* [EXERCISE DIRECTIONS] In the data that follows, count the lines where "AAtA" appears, and write only the number.

+ + + +

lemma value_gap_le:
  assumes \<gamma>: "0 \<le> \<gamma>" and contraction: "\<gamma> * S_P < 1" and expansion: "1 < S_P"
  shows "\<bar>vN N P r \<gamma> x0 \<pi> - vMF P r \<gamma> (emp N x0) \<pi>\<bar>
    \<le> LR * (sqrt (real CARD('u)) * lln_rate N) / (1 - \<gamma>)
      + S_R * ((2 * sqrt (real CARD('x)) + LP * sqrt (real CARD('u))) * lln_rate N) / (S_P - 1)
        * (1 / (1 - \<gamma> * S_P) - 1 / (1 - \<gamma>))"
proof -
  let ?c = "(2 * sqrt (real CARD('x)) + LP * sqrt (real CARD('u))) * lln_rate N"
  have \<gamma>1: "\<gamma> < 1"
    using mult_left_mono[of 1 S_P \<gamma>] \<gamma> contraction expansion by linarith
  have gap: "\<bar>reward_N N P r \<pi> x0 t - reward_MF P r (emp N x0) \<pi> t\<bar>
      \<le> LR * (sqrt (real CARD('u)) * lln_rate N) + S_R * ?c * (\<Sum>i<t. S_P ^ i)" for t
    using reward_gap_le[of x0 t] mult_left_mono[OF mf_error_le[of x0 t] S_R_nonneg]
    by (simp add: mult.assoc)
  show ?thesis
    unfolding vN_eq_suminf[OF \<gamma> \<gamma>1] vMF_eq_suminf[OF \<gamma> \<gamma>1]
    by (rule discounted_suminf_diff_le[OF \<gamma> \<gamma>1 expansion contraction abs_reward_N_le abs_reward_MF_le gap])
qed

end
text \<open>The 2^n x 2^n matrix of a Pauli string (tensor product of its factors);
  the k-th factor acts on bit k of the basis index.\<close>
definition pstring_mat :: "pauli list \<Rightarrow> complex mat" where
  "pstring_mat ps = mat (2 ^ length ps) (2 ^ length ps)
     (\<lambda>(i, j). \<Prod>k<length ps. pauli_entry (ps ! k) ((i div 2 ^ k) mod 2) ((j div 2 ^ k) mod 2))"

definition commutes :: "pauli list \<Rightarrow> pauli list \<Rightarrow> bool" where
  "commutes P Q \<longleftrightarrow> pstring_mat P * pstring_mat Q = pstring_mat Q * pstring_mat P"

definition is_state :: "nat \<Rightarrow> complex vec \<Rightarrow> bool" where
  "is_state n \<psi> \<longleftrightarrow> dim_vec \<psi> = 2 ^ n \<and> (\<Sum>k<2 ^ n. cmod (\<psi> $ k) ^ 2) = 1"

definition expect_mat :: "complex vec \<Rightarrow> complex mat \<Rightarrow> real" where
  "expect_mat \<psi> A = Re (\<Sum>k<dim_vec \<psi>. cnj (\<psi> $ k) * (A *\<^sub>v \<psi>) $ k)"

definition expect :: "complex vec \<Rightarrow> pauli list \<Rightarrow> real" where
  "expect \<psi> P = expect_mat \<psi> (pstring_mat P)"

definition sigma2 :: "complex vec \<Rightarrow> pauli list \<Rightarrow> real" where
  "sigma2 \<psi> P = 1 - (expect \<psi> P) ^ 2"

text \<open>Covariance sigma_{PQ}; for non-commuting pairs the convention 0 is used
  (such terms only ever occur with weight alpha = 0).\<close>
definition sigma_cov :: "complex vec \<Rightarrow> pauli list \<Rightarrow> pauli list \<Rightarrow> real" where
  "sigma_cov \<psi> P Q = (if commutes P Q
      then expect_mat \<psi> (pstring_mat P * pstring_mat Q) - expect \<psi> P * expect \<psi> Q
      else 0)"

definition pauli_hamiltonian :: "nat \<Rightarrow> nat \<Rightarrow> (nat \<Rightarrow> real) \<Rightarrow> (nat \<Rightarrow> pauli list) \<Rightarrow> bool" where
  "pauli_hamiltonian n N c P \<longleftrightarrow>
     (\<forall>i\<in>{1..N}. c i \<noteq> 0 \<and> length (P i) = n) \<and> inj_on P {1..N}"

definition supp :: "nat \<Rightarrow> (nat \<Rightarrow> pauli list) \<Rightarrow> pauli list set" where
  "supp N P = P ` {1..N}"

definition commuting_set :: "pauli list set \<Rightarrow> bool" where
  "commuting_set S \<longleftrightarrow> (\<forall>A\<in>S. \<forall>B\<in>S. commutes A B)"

+ + + +

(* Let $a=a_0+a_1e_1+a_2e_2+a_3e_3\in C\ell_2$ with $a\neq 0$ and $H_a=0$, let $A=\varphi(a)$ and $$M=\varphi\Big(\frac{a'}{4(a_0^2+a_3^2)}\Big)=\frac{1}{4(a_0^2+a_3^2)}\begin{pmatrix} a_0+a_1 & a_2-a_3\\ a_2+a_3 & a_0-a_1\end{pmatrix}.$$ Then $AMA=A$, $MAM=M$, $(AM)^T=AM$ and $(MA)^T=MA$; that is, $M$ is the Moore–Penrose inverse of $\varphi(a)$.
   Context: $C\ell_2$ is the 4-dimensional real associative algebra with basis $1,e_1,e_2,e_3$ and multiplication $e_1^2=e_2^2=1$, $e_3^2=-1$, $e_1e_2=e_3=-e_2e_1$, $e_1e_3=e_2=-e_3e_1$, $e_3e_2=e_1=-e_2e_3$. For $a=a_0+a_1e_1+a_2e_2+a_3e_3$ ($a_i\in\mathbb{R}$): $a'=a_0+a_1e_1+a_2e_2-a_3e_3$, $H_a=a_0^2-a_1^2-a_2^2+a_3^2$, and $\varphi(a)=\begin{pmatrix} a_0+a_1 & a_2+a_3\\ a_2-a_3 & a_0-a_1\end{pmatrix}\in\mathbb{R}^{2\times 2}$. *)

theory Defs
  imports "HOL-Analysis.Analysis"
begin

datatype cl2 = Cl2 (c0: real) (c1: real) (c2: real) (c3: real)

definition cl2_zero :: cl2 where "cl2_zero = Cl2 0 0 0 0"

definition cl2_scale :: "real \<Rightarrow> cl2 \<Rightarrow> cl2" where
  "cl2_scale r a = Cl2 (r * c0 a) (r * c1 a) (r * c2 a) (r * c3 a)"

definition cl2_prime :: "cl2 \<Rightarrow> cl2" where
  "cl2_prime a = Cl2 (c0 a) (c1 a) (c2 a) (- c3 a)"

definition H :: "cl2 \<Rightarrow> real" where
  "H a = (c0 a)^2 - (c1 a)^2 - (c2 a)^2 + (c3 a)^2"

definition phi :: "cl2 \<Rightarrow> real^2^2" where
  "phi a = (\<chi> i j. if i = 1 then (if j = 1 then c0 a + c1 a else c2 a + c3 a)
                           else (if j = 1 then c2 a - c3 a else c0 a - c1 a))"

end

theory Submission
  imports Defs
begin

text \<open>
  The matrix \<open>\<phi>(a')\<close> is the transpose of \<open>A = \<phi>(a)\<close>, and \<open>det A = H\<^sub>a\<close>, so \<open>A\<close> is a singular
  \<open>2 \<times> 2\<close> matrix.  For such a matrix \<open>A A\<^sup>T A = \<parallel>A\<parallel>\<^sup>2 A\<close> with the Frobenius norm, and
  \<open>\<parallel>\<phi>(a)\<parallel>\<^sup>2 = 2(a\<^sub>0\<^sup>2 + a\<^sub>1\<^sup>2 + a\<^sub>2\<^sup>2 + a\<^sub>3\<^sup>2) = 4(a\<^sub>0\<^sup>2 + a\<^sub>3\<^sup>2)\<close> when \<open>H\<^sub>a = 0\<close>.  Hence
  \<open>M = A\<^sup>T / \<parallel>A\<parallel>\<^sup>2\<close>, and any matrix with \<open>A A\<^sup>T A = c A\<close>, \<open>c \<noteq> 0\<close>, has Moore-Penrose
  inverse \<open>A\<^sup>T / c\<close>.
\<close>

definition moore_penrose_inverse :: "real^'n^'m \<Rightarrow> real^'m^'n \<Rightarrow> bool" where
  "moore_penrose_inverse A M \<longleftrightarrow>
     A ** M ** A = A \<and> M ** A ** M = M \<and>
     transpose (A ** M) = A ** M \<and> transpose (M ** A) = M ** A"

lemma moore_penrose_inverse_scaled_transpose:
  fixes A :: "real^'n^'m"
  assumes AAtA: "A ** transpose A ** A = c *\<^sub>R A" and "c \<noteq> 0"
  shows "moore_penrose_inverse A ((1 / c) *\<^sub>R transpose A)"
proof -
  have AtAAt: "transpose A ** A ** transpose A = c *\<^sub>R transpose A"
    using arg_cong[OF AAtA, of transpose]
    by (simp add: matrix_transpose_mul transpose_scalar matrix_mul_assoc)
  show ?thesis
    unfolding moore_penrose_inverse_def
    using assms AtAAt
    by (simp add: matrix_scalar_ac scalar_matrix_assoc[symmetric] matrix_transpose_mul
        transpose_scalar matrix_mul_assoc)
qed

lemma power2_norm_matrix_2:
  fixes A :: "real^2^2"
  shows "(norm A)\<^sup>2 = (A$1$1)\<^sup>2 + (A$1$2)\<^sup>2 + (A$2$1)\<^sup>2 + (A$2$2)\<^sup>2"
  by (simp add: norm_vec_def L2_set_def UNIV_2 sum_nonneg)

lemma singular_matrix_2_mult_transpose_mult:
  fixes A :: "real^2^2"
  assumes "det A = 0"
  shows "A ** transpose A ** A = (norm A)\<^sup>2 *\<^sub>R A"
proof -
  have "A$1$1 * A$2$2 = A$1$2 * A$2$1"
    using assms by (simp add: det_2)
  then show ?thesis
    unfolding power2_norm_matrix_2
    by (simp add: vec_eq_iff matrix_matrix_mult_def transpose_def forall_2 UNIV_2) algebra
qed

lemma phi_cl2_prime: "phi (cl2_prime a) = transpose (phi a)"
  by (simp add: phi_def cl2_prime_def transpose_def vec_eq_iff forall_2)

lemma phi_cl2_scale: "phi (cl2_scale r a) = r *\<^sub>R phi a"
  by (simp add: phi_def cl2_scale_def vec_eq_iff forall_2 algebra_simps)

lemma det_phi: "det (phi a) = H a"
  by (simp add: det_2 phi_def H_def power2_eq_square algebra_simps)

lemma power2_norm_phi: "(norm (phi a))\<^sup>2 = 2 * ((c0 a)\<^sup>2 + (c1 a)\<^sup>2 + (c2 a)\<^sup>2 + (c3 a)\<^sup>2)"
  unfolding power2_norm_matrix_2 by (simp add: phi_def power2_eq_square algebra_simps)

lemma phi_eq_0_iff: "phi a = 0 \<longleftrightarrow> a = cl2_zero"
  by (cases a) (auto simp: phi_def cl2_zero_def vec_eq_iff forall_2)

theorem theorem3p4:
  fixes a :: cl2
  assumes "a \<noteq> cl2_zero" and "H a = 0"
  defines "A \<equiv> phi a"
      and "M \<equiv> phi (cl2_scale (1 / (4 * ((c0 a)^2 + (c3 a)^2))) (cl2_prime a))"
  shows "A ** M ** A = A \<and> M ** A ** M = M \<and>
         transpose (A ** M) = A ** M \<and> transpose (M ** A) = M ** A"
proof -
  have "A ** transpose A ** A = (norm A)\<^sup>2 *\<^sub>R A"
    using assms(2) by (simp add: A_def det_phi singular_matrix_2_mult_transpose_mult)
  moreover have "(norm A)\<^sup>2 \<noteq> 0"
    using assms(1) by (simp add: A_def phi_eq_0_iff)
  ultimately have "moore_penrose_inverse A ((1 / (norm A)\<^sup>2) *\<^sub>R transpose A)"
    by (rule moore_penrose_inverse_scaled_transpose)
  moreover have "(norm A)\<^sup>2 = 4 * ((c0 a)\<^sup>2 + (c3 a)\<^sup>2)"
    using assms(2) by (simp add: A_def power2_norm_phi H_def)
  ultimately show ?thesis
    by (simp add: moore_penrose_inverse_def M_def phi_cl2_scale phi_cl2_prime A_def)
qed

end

+ + + +

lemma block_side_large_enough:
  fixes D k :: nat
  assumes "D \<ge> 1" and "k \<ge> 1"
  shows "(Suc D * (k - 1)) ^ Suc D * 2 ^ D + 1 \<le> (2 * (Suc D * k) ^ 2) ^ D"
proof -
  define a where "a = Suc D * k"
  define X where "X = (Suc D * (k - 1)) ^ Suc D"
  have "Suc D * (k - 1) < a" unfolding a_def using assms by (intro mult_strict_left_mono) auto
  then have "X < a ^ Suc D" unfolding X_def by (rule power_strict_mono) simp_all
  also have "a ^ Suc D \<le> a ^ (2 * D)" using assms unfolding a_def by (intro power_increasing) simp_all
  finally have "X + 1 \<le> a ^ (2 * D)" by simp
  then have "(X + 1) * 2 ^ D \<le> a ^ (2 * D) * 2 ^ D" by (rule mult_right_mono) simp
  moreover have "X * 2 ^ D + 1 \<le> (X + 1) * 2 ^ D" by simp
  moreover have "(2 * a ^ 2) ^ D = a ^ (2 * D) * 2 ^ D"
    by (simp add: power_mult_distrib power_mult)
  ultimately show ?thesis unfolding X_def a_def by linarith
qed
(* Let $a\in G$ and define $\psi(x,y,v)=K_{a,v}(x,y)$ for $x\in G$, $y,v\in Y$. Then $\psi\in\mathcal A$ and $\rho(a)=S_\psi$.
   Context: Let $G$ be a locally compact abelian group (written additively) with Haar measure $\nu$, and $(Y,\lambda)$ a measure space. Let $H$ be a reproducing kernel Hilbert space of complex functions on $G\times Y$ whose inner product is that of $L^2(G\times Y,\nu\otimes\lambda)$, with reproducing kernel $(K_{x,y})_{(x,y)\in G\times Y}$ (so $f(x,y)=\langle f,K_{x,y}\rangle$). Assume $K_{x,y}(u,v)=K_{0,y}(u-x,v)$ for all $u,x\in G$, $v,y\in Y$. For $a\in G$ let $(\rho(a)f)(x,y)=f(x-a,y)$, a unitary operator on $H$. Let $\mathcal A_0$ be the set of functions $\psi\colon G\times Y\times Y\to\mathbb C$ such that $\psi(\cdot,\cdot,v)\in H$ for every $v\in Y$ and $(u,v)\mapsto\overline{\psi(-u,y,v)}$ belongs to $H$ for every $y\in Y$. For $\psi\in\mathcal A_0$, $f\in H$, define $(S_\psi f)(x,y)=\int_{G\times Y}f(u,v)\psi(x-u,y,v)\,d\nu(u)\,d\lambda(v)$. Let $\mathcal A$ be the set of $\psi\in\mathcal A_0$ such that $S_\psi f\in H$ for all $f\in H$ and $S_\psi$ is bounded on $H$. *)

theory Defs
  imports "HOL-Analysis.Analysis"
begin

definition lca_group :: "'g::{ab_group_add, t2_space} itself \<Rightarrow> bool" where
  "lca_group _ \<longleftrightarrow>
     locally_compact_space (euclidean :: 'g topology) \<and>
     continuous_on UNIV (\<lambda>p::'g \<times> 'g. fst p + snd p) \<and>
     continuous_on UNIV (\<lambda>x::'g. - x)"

+ + + +

* [OUTPUT BELOW] 2